Are you sure you do not mean OpenGL ES 2.0? You cannot make shaders of any type using OpenGL ES 1.1. I'll take the first one.
In my experience, the fastest way I've found this is your second list. I am doing several types of 3x3 convolutions in my GPUImage structure (which you could just use instead of trying to roll on your own), and for those I reproach in texture offset for horizontal and vertical directions and calculate the nine texture coordinates needed in the vertex shader. From there I pass them as changes to the fragment shader.

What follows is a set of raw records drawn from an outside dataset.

(* There is an absolute constant $C>0$ such that the following holds. Let $p\ge3$, $\mu>0$, $b,y\in\mathbb{R}^n$, and define $h:\mathbb{R}^n\to\mathbb{R}$ by $h(x)=\sum_{i=1}^n|x_i-b_i|^p+\mu\|x-y\|_2^2$. Then for every $x$ at which $h$ is thrice differentiable (all $x$ if $p>3$; all $x$ with $x_i\ne b_i$ for every $i$ if $p=3$) and all $u,w\in\mathbb{R}^n$, $$|\nabla^3 h(x)[u,u,w]|\le C\,p\,\mu^{-1/(p-2)}\,\|w\|_2\,u^\top\nabla^2 h(x)u.$$ *)

theory Defs
  imports "HOL-Analysis.Analysis"
begin

text \<open>Vectors in R^n are represented as functions nat => real; only the
coordinates i < n are relevant.  The dimension n is an ordinary variable so
that the constant C can be chosen independently of n.\<close>

definition hfun :: "nat \<Rightarrow> real \<Rightarrow> real \<Rightarrow> (nat \<Rightarrow> real) \<Rightarrow> (nat \<Rightarrow> real) \<Rightarrow> (nat \<Rightarrow> real) \<Rightarrow> real" where
  "hfun n p \<mu> b y x = (\<Sum>i<n. \<bar>x i - b i\<bar> powr p) + \<mu> * (\<Sum>i<n. (x i - y i)^2)"

definition norm2 :: "nat \<Rightarrow> (nat \<Rightarrow> real) \<Rightarrow> real" where
  "norm2 n w = sqrt (\<Sum>i<n. (w i)^2)"

definition hess_form :: "((nat \<Rightarrow> real) \<Rightarrow> real) \<Rightarrow> (nat \<Rightarrow> real) \<Rightarrow> (nat \<Rightarrow> real) \<Rightarrow> real" where
  "hess_form f x u = deriv (deriv (\<lambda>t. f (\<lambda>i. x i + t * u i))) 0"

definition third_form :: "((nat \<Rightarrow> real) \<Rightarrow> real) \<Rightarrow> (nat \<Rightarrow> real) \<Rightarrow> (nat \<Rightarrow> real) \<Rightarrow> (nat \<Rightarrow> real) \<Rightarrow> real" where
  "third_form f x u w = deriv (\<lambda>r. hess_form f (\<lambda>i. x i + r * w i) u) 0"

end

theory Submission
  imports Defs "HOL-Real_Asymp.Real_Asymp"
begin

text \<open>
  Along the line x + t u the function h is a sum of one-variable terms, so
    D^2 h(x)[u,u]   = sum_i (p(p-1) |x_i - b_i|^(p-2) + 2 \<mu>) u_i^2,
    D^3 h(x)[u,u,w] = sum_i p(p-1)(p-2) sgn(x_i - b_i) |x_i - b_i|^(p-3) w_i u_i^2.
  With C = 4 the claim therefore reduces, coordinate by coordinate, to
  (p-1)(p-2) a^(p-3) \<le> (4/m) (p(p-1) a^(p-2) + \<mu>) for a \<ge> 0 and m = \<mu>^(1/(p-2)).
  If a \<ge> m/4 then a^(p-3) \<le> (4/m) a^(p-2); if a < m/4 then a^(p-3) \<le> \<mu> / (m 4^(p-3)),
  and 4^(p-3) absorbs (p-1)(p-2)/4.
\<close>

lemma abs_powr_eq_square_powr: "\<bar>y::real\<bar> powr q = (y\<^sup>2) powr (q / 2)"
proof (cases "y = 0")
  case False
  then have "y\<^sup>2 = \<bar>y\<bar> powr 2"
    by (subst powr_numeral) auto
  then have "(y\<^sup>2) powr (q / 2) = \<bar>y\<bar> powr (2 * (q / 2))"
    by (simp only: powr_powr)
  then show ?thesis by simp
qed simp

lemma DERIV_abs_powr:
  fixes q s :: real
  assumes "q > 1 \<or> s \<noteq> 0"
  shows "((\<lambda>s. \<bar>s\<bar> powr q) has_real_derivative q * s * \<bar>s\<bar> powr (q - 2)) (at s)"
proof (cases "s = 0")
  case True
  with assms have "q > 1" by simp
  then have "((\<lambda>y. \<bar>y\<bar> powr q / y) \<longlongrightarrow> 0) (at (0::real))"
    by real_asymp
  with True show ?thesis
    by (simp add: has_field_derivative_iff)
next
  case False
  then have "((\<lambda>s. (s\<^sup>2) powr (q / 2)) has_real_derivative q / 2 * (s\<^sup>2) powr (q / 2 - 1) * (2 * s)) (at s)"
    by (intro DERIV_fun_powr[simplified] derivative_eq_intros) auto
  moreover have "q / 2 * (s\<^sup>2) powr (q / 2 - 1) * (2 * s) = q * s * \<bar>s\<bar> powr (q - 2)"
    by (simp add: abs_powr_eq_square_powr[of s "q - 2"] diff_divide_distrib)
  ultimately show ?thesis
    by (simp only: abs_powr_eq_square_powr[of _ q])
qed

lemma DERIV_mult_abs_powr:
  fixes q s :: real
  assumes "q > 0"
  shows "((\<lambda>s. s * \<bar>s\<bar> powr q) has_real_derivative (q + 1) * \<bar>s\<bar> powr q) (at s)"
proof (cases "s = 0")
  case True
  from assms have "((\<lambda>y. y * \<bar>y\<bar> powr q / y) \<longlongrightarrow> 0) (at (0::real))"
    by real_asymp
  with True show ?thesis
    by (simp add: has_field_derivative_iff)
next
  case False
  then have "\<bar>s\<bar> powr 2 = s * s"
    by (simp add: powr_numeral power2_eq_square)
  then have "s * s * \<bar>s\<bar> powr (q - 2) = \<bar>s\<bar> powr q"
    by (metis add_diff_cancel_left' diff_add_cancel mult.commute powr_add)
  moreover have "((\<lambda>s. s * \<bar>s\<bar> powr q) has_real_derivative
      1 * \<bar>s\<bar> powr q + q * s * \<bar>s\<bar> powr (q - 2) * s) (at s)"
    using False by (intro DERIV_mult DERIV_ident DERIV_abs_powr) simp
  ultimately show ?thesis
    by (simp add: algebra_simps)
qed

lemma DERIV_fun_abs_powr:
  fixes q :: real
  assumes "(f has_real_derivative D) (at t)" and "q > 1 \<or> f t \<noteq> 0"
  shows "((\<lambda>t. \<bar>f t\<bar> powr q) has_real_derivative q * f t * \<bar>f t\<bar> powr (q - 2) * D) (at t)"
  using DERIV_chain2[OF DERIV_abs_powr[OF assms(2)] assms(1)] by simp

lemma DERIV_fun_mult_abs_powr:
  fixes q :: real
  assumes "(f has_real_derivative D) (at t)" and "q > 0"
  shows "((\<lambda>t. f t * \<bar>f t\<bar> powr q) has_real_derivative (q + 1) * \<bar>f t\<bar> powr q * D) (at t)"
  using DERIV_chain2[OF DERIV_mult_abs_powr[OF assms(2)] assms(1)] by simp

lemma hess_form_hfun:
  assumes "p > 2"
  shows "hess_form (hfun n p \<mu> b y) x u
    = (\<Sum>i<n. (p * (p - 1) * \<bar>x i - b i\<bar> powr (p - 2) + 2 * \<mu>) * (u i)\<^sup>2)"
proof -
  define g where "g t = (\<Sum>i<n. p * ((x i + t * u i - b i) * \<bar>x i + t * u i - b i\<bar> powr (p - 2)) * u i)
      + \<mu> * (\<Sum>i<n. 2 * (x i + t * u i - y i) * u i)" for t
  have "((\<lambda>t. hfun n p \<mu> b y (\<lambda>i. x i + t * u i)) has_real_derivative g t) (at t)" for t
    unfolding hfun_def g_def
  proof (intro DERIV_add DERIV_cmult DERIV_sum)
    fix i
    have "((\<lambda>t. \<bar>x i + t * u i - b i\<bar> powr p) has_real_derivative
        p * (x i + t * u i - b i) * \<bar>x i + t * u i - b i\<bar> powr (p - 2) * u i) (at t)"
      using assms by (intro DERIV_fun_abs_powr) (auto intro!: derivative_eq_intros)
    then show "((\<lambda>t. \<bar>x i + t * u i - b i\<bar> powr p) has_real_derivative
        p * ((x i + t * u i - b i) * \<bar>x i + t * u i - b i\<bar> powr (p - 2)) * u i) (at t)"
      by (simp add: mult.assoc)
    show "((\<lambda>t. (x i + t * u i - y i)\<^sup>2) has_real_derivative 2 * (x i + t * u i - y i) * u i) (at t)"
      by (auto intro!: derivative_eq_intros)
  qed
  then have deriv_line: "deriv (\<lambda>t. hfun n p \<mu> b y (\<lambda>i. x i + t * u i)) = g"
    by (intro ext DERIV_imp_deriv)
  have deriv_g: "(g has_real_derivative (\<Sum>i<n. p * ((p - 1) * \<bar>x i - b i\<bar> powr (p - 2) * u i) * u i)
      + \<mu> * (\<Sum>i<n. 2 * u i * u i)) (at 0)"
    unfolding g_def[abs_def]
  proof (intro DERIV_add DERIV_cmult DERIV_sum)
    fix i
    have d: "((\<lambda>t. (x i + t * u i - b i) * \<bar>x i + t * u i - b i\<bar> powr (p - 2)) has_real_derivative
        (p - 2 + 1) * \<bar>x i + 0 * u i - b i\<bar> powr (p - 2) * u i) (at 0)"
      using assms by (intro DERIV_fun_mult_abs_powr) (auto intro!: derivative_eq_intros)
    show "((\<lambda>t. p * ((x i + t * u i - b i) * \<bar>x i + t * u i - b i\<bar> powr (p - 2)) * u i)
        has_real_derivative p * ((p - 1) * \<bar>x i - b i\<bar> powr (p - 2) * u i) * u i) (at 0)"
      using DERIV_cmult_right[OF DERIV_cmult[OF d, of p], of "u i"] by simp
    show "((\<lambda>t. 2 * (x i + t * u i - y i) * u i) has_real_derivative 2 * u i * u i) (at 0)"
      by (auto intro!: derivative_eq_intros)
  qed
  have "hess_form (hfun n p \<mu> b y) x u
      = (\<Sum>i<n. p * ((p - 1) * \<bar>x i - b i\<bar> powr (p - 2) * u i) * u i) + \<mu> * (\<Sum>i<n. 2 * u i * u i)"
    unfolding hess_form_def deriv_line by (rule DERIV_imp_deriv[OF deriv_g])
  also have "\<dots> = (\<Sum>i<n. p * ((p - 1) * \<bar>x i - b i\<bar> powr (p - 2) * u i) * u i + \<mu> * (2 * u i * u i))"
    by (simp add: sum.distrib sum_distrib_left)
  also have "\<dots> = (\<Sum>i<n. (p * (p - 1) * \<bar>x i - b i\<bar> powr (p - 2) + 2 * \<mu>) * (u i)\<^sup>2)"
    by (rule sum.cong) (simp_all add: power2_eq_square algebra_simps)
  finally show ?thesis .
qed

lemma third_form_hfun:
  assumes "p > 2" and "p > 3 \<or> (\<forall>i<n. x i \<noteq> b i)"
  shows "third_form (hfun n p \<mu> b y) x u w
    = (\<Sum>i<n. p * (p - 1) * (p - 2) * (x i - b i) * \<bar>x i - b i\<bar> powr (p - 4) * w i * (u i)\<^sup>2)"
proof -
  have "((\<lambda>r. hess_form (hfun n p \<mu> b y) (\<lambda>i. x i + r * w i) u) has_real_derivative
      (\<Sum>i<n. p * (p - 1) * (p - 2) * (x i - b i) * \<bar>x i - b i\<bar> powr (p - 4) * w i * (u i)\<^sup>2)) (at 0)"
    unfolding hess_form_hfun[OF assms(1)]
  proof (rule DERIV_sum)
    fix i assume "i \<in> {..<n}"
    with assms have "p - 2 > 1 \<or> x i + 0 * w i - b i \<noteq> 0" by auto
    then have "((\<lambda>r. \<bar>x i + r * w i - b i\<bar> powr (p - 2)) has_real_derivative
        (p - 2) * (x i + 0 * w i - b i) * \<bar>x i + 0 * w i - b i\<bar> powr (p - 2 - 2) * w i) (at 0)"
      by (intro DERIV_fun_abs_powr) (auto intro!: derivative_eq_intros)
    from DERIV_cmult_right[OF DERIV_add[OF DERIV_cmult[OF this, of "p * (p - 1)"] DERIV_const[of "2 * \<mu>"]],
        of "(u i)\<^sup>2"]
    show "((\<lambda>r. (p * (p - 1) * \<bar>x i + r * w i - b i\<bar> powr (p - 2) + 2 * \<mu>) * (u i)\<^sup>2) has_real_derivative
        p * (p - 1) * (p - 2) * (x i - b i) * \<bar>x i - b i\<bar> powr (p - 4) * w i * (u i)\<^sup>2) (at 0)"
      by (simp add: algebra_simps)
  qed
  then show ?thesis
    unfolding third_form_def by (rule DERIV_imp_deriv)
qed

lemma square_le_four_powr:
  fixes x :: real
  assumes "x \<ge> 0"
  shows "(x + 2)\<^sup>2 \<le> 4 powr (x + 1)"
proof -
  have "1 \<le> ln (4::real)"
    using ln2_ge_two_thirds ln_realpow[of 2 2] by simp
  with assms have "exp x \<le> 4 powr x"
    by (simp add: powr_def mult_le_cancel_left1)
  have "(1 + x / 2)\<^sup>2 \<le> (exp (x / 2))\<^sup>2"
    using assms by (intro power_mono exp_ge_add_one_self) auto
  also have "\<dots> = exp x"
    by (simp flip: exp_double)
  finally have "(x + 2)\<^sup>2 \<le> 4 * exp x"
    by (simp add: power2_eq_square algebra_simps)
  also have "\<dots> \<le> 4 * 4 powr x"
    using \<open>exp x \<le> 4 powr x\<close> by simp
  finally show ?thesis
    by (simp add: powr_add)
qed

lemma powr_pred_bound:
  fixes p m a :: real
  assumes p: "p \<ge> 3" and m: "m > 0" and a: "a \<ge> 0"
  shows "(p - 1) * (p - 2) * a powr (p - 3) \<le> 4 / m * (p * (p - 1) * a powr (p - 2) + m powr (p - 2))"
proof (cases "a \<ge> m / 4")
  case True
  with m have "a > 0" by linarith
  then have "a powr (p - 2) = a powr (p - 3) * a"
    using powr_add[of a "p - 3" 1] by simp
  with True m have "a powr (p - 3) \<le> 4 / m * a powr (p - 2)"
    by (simp add: field_simps mult_left_mono)
  then have "(p - 1) * (p - 2) * a powr (p - 3) \<le> (p - 1) * (p - 2) * (4 / m * a powr (p - 2))"
    using p by (intro mult_left_mono) auto
  also have "\<dots> \<le> p * (p - 1) * (4 / m * a powr (p - 2))"
    using p m by (intro mult_right_mono) auto
  also have "\<dots> = 4 / m * (p * (p - 1) * a powr (p - 2))"
    by (simp add: mult_ac)
  also have "\<dots> \<le> 4 / m * (p * (p - 1) * a powr (p - 2) + m powr (p - 2))"
    using m by (intro mult_left_mono) auto
  finally show ?thesis .
next
  case False
  have "(p - 1) * (p - 2) \<le> (p - 1)\<^sup>2"
    using p by (simp add: power2_eq_square)
  also have "\<dots> \<le> 4 powr (p - 2)"
    using square_le_four_powr[of "p - 3"] p by simp
  finally have coeff: "(p - 1) * (p - 2) \<le> 4 * 4 powr (p - 3)"
    using powr_add[of 4 "p - 3" 1] by simp
  have "a powr (p - 3) \<le> (m / 4) powr (p - 3)"
    using False a p by (intro powr_mono2) auto
  also have "\<dots> = m powr (p - 3) / 4 powr (p - 3)"
    using m by (simp add: powr_divide)
  finally have "(p - 1) * (p - 2) * a powr (p - 3) \<le> 4 * 4 powr (p - 3) * (m powr (p - 3) / 4 powr (p - 3))"
    by (rule mult_mono[OF coeff]) (use p in auto)
  also have "\<dots> = 4 / m * m powr (p - 2)"
    using m powr_add[of m "p - 3" 1] by simp
  also have "\<dots> \<le> 4 / m * (p * (p - 1) * a powr (p - 2) + m powr (p - 2))"
    using m p by (intro mult_left_mono) auto
  finally show ?thesis .
qed

lemma third_order_term_bound:
  fixes p \<mu> z v t N :: real
  assumes p: "p \<ge> 3" and \<mu>: "\<mu> > 0" and t: "\<bar>t\<bar> \<le> N"
  shows "\<bar>p * (p - 1) * (p - 2) * z * \<bar>z\<bar> powr (p - 4) * t * v\<^sup>2\<bar>
    \<le> 4 * p * \<mu> powr (-1 / (p - 2)) * N * ((p * (p - 1) * \<bar>z\<bar> powr (p - 2) + 2 * \<mu>) * v\<^sup>2)"
proof -
  define m where "m = \<mu> powr (1 / (p - 2))"
  have m: "m > 0" and "m powr (p - 2) = \<mu>" and "\<mu> powr (-1 / (p - 2)) = 1 / m"
    using p \<mu> by (simp_all add: m_def powr_powr powr_minus_divide)
  have "\<bar>z * \<bar>z\<bar> powr (p - 4)\<bar> = \<bar>z\<bar> powr (p - 3)"
    using powr_add[of "\<bar>z\<bar>" "p - 4" 1] by (cases "z = 0") (simp_all add: abs_mult)
  then have "\<bar>p * (p - 1) * (p - 2) * z * \<bar>z\<bar> powr (p - 4) * t * v\<^sup>2\<bar>
      = p * v\<^sup>2 * \<bar>t\<bar> * ((p - 1) * (p - 2) * \<bar>z\<bar> powr (p - 3))"
    using p by (simp add: abs_mult mult_ac)
  also have "\<dots> \<le> p * v\<^sup>2 * N * (4 / m * (p * (p - 1) * \<bar>z\<bar> powr (p - 2) + \<mu>))"
  proof (rule mult_mono)
    show "(p - 1) * (p - 2) * \<bar>z\<bar> powr (p - 3) \<le> 4 / m * (p * (p - 1) * \<bar>z\<bar> powr (p - 2) + \<mu>)"
      using powr_pred_bound[OF p m, of "\<bar>z\<bar>"] \<open>m powr (p - 2) = \<mu>\<close> by simp
  qed (use p t in \<open>auto intro: mult_left_mono\<close>)
  also have "\<dots> \<le> p * v\<^sup>2 * N * (4 / m * (p * (p - 1) * \<bar>z\<bar> powr (p - 2) + 2 * \<mu>))"
    using p t m \<mu> by (intro mult_left_mono) auto
  also have "\<dots> = 4 * p * \<mu> powr (-1 / (p - 2)) * N * ((p * (p - 1) * \<bar>z\<bar> powr (p - 2) + 2 * \<mu>) * v\<^sup>2)"
    using \<open>\<mu> powr (-1 / (p - 2)) = 1 / m\<close> by simp
  finally show ?thesis .
qed

lemma abs_le_norm2:
  assumes "i < n"
  shows "\<bar>w i\<bar> \<le> norm2 n w"
proof -
  have "(w i)\<^sup>2 \<le> (\<Sum>j<n. (w j)\<^sup>2)"
    using assms by (intro member_le_sum) auto
  then show ?thesis
    unfolding norm2_def by (metis real_sqrt_abs real_sqrt_le_mono)
qed

theorem lemma10:
  shows "\<exists>C>0. \<forall>(n::nat) (p::real) (\<mu>::real) (b::nat\<Rightarrow>real) (y::nat\<Rightarrow>real) (x::nat\<Rightarrow>real) (u::nat\<Rightarrow>real) (w::nat\<Rightarrow>real).
           p \<ge> 3 \<and> \<mu> > 0 \<and> (p > 3 \<or> (\<forall>i<n. x i \<noteq> b i)) \<longrightarrow>
           \<bar>third_form (hfun n p \<mu> b y) x u w\<bar>
             \<le> C * p * \<mu> powr (-1 / (p - 2)) * norm2 n w * hess_form (hfun n p \<mu> b y) x u"
proof (intro exI[of _ 4] conjI allI impI)
  fix n :: nat and p \<mu> :: real and b y x u w :: "nat \<Rightarrow> real"
  assume "p \<ge> 3 \<and> \<mu> > 0 \<and> (p > 3 \<or> (\<forall>i<n. x i \<noteq> b i))"
  then have p: "p \<ge> 3" and \<mu>: "\<mu> > 0" and smooth: "p > 3 \<or> (\<forall>i<n. x i \<noteq> b i)"
    by auto
  let ?K = "4 * p * \<mu> powr (-1 / (p - 2)) * norm2 n w"
  have "\<bar>third_form (hfun n p \<mu> b y) x u w\<bar>
      \<le> (\<Sum>i<n. \<bar>p * (p - 1) * (p - 2) * (x i - b i) * \<bar>x i - b i\<bar> powr (p - 4) * w i * (u i)\<^sup>2\<bar>)"
    using p smooth by (simp add: third_form_hfun sum_abs)
  also have "\<dots> \<le> (\<Sum>i<n. ?K * ((p * (p - 1) * \<bar>x i - b i\<bar> powr (p - 2) + 2 * \<mu>) * (u i)\<^sup>2))"
    using p \<mu> by (intro sum_mono third_order_term_bound abs_le_norm2) auto
  also have "\<dots> = ?K * hess_form (hfun n p \<mu> b y) x u"
    using p by (simp add: hess_form_hfun sum_distrib_left)
  finally show "\<bar>third_form (hfun n p \<mu> b y) x u w\<bar>
      \<le> 4 * p * \<mu> powr (-1 / (p - 2)) * norm2 n w * hess_form (hfun n p \<mu> b y) x u" .
qed simp

end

This (for the most part) avoids the dependent texture readings in the shader of fragments that are terribly expensive on iOS PowerVR GPUs. I say โfor the most partโ because on older devices such as the iPhone 4, only eight of these changes are used to avoid dependent texture. As I found out last week, the ninth causes a dependent texture read on older devices, so this slows down a bit. However, the iPhone 4S does not have this problem, since it supports more changes used in this way.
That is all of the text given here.